If can develop a neotype lung nodule not damaged positioner and be used for the isolated tuberculous accurate location before the art of lung, can not only increase the operation security, improve the operation excision rate, still be favorable to further reducing patient medical cost simultaneously, make things convenient for clinical conversion to use and promote, make new technology, new achievement benefit to and extensive SPN patient to the at utmost.
In thoracoscopic surgery, when the suture instrument is used for pushing the hook to position human tissues, the operation is generally carried out under a display. The conventional hook returning material is basically similar to the material used by the stitching instrument, the rotation condition of the hook returning is difficult to show in the operation process, and the difficulty is increased for a doctor to judge the operation process. And once the phenomenon of hook return position inaccuracy is generated, the operation time is increased, and even the operation is failed.

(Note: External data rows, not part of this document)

(* Let $K$ be an algebraically closed field of characteristic $0$ and let $A=(A_{ij})_{i,j=1}^{n+1}$ be a block square matrix of order $2n+1$ with entries $a_{ij},b_{ij}\in K$ and blocks $A_{ij}=\begin{pmatrix} a_{ij}&b_{ij}\\ b_{ij}&a_{ij}\end{pmatrix}$ for $1\le i,j\le n$; $A_{i,n+1}=\begin{pmatrix}a_{i,n+1}\\ a_{i,n+1}\end{pmatrix}$ for $1\le i\le n$; $A_{n+1,j}=\begin{pmatrix}a_{n+1,j}&b_{n+1,j}\end{pmatrix}$ for $1\le j\le n$; and $A_{n+1,n+1}=a_{n+1,n+1}$. Let $S=(s_{ij})$ be the $(n+1)\times(n+1)$ matrix with $s_{ij}=a_{ij}+b_{ij}$ for $1\le i\le n+1$, $1\le j\le n$, and $s_{i,n+1}=a_{i,n+1}$ for $1\le i\le n+1$; and let $C=(c_{ij})$ be the $n\times n$ matrix with $c_{ij}=a_{ij}-b_{ij}$, $1\le i,j\le n$. Then $\sigma(A)=\sigma(S)\cup\sigma(C)$.
   Context: $\sigma(X)$ denotes the spectrum of a square matrix $X$. *)

theory Defs
  imports "Jordan_Normal_Form.Spectral_Radius"
begin

text \<open>Indices are 0-based. Block indices i,j range over 0..n-1 (paper's 1..n), the
 index n stands for the paper's n+1. Block row i of A occupies rows 2i and 2i+1,
 the final row/column of A has index 2n.\<close>

definition block_mat :: "nat \<Rightarrow> (nat \<Rightarrow> nat \<Rightarrow> 'a) \<Rightarrow> (nat \<Rightarrow> nat \<Rightarrow> 'a) \<Rightarrow> 'a mat" where
  "block_mat n a b = mat (2*n+1) (2*n+1) (\<lambda>(r, c).
     if r < 2*n \<and> c < 2*n then
       (if r mod 2 = c mod 2 then a (r div 2) (c div 2) else b (r div 2) (c div 2))
     else if r < 2*n then a (r div 2) n
     else if c < 2*n then (if c mod 2 = 0 then a n (c div 2) else b n (c div 2))
     else a n n)"

definition S_mat :: "nat \<Rightarrow> (nat \<Rightarrow> nat \<Rightarrow> 'a::ring) \<Rightarrow> (nat \<Rightarrow> nat \<Rightarrow> 'a) \<Rightarrow> 'a mat" where
  "S_mat n a b = mat (n+1) (n+1) (\<lambda>(i, j). if j < n then a i j + b i j else a i n)"

definition C_mat :: "nat \<Rightarrow> (nat \<Rightarrow> nat \<Rightarrow> 'a::ring) \<Rightarrow> (nat \<Rightarrow> nat \<Rightarrow> 'a) \<Rightarrow> 'a mat" where
  "C_mat n a b = mat n n (\<lambda>(i, j). a i j - b i j)"

end

theory Submission
  imports Defs
begin

text \<open>Let D be the (2n+1) \<times> (n+1) matrix whose i-th column is e(2i) + e(2i+1) (and e(2n) for
  i = n), and E the (2n+1) \<times> n matrix with columns e(2i) - e(2i+1). Both are injective, and
  A D = D S, A^T E = E C^T. Hence eigenvectors of S lift to eigenvectors of A, and eigenvectors of
  C^T to eigenvectors of A^T, which has the same spectrum as A. Conversely, if A w = k w and k is
  not an eigenvalue of C, then C (E^T w) = E^T A w = k E^T w forces E^T w = 0, so w = D v
  with S v = k v.\<close>

lemma eigenvector_mult_vec_iff:
  fixes A B D :: "'a :: field mat"
  assumes A: "A \<in> carrier_mat m m" and B: "B \<in> carrier_mat p p"
    and D: "D \<in> carrier_mat m p" and AD: "A * D = D * B" and inj: "inj_on ((*\<^sub>v) D) (carrier_vec p)"
    and v: "v \<in> carrier_vec p"
  shows "eigenvector A (D *\<^sub>v v) k \<longleftrightarrow> eigenvector B v k"
proof -
  have "A *\<^sub>v (D *\<^sub>v v) = D *\<^sub>v (B *\<^sub>v v)"
    using A B D v by (metis AD assoc_mult_mat_vec)
  moreover have "k \<cdot>\<^sub>v (D *\<^sub>v v) = D *\<^sub>v (k \<cdot>\<^sub>v v)"
    using D v by (simp add: mult_mat_vec)
  ultimately have eq:
    "A *\<^sub>v (D *\<^sub>v v) = k \<cdot>\<^sub>v (D *\<^sub>v v) \<longleftrightarrow> B *\<^sub>v v = k \<cdot>\<^sub>v v"
    using inj B v by (auto dest: inj_onD)
  have "D *\<^sub>v 0\<^sub>v p = 0\<^sub>v m"
    using D by (intro eq_vecI) auto
  then have "D *\<^sub>v v = 0\<^sub>v m \<longleftrightarrow> v = 0\<^sub>v p"
    using v inj_onD[OF inj, of v "0\<^sub>v p"] by auto
  then show ?thesis
    using A B D v eq unfolding eigenvector_def by auto
qed

lemma spectrum_subset_if_intertwined:
  fixes A B D :: "'a :: field mat"
  assumes "A \<in> carrier_mat m m" "B \<in> carrier_mat p p" "D \<in> carrier_mat m p"
    and "A * D = D * B" and "inj_on ((*\<^sub>v) D) (carrier_vec p)"
  shows "spectrum B \<subseteq> spectrum A"
  using eigenvector_mult_vec_iff[OF assms] assms(2)
  unfolding spectrum_def eigenvalue_def eigenvector_def by blast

In addition, the positioning of breast micro-tumor, liver tumor, gastric tumor, intestinal polyp and the surgical positioning of pathological tissues of the urinary system all need a novel nondestructive positioning device to perform preoperative accurate positioning, so as to increase the safety of the operation and improve the resection rate of the operation.
Disclosure of Invention
The utility model aims to solve the technical problems, and provides a human body internal tissue operation positioner with a developing mark, which is convenient for a doctor to operate and control, is convenient for the tissue in the human body such as pulmonary nodules to pull back, develop and pierce, is firm in positioning and cannot be loosened. The method is suitable for lung nodules, breast micro-tumors, liver tumors, gastric tumors, intestinal polyps and pathological tissues of a urinary system, and can be used for performing preoperative development and accurate positioning so as to increase the operation safety and improve the operation resection rate.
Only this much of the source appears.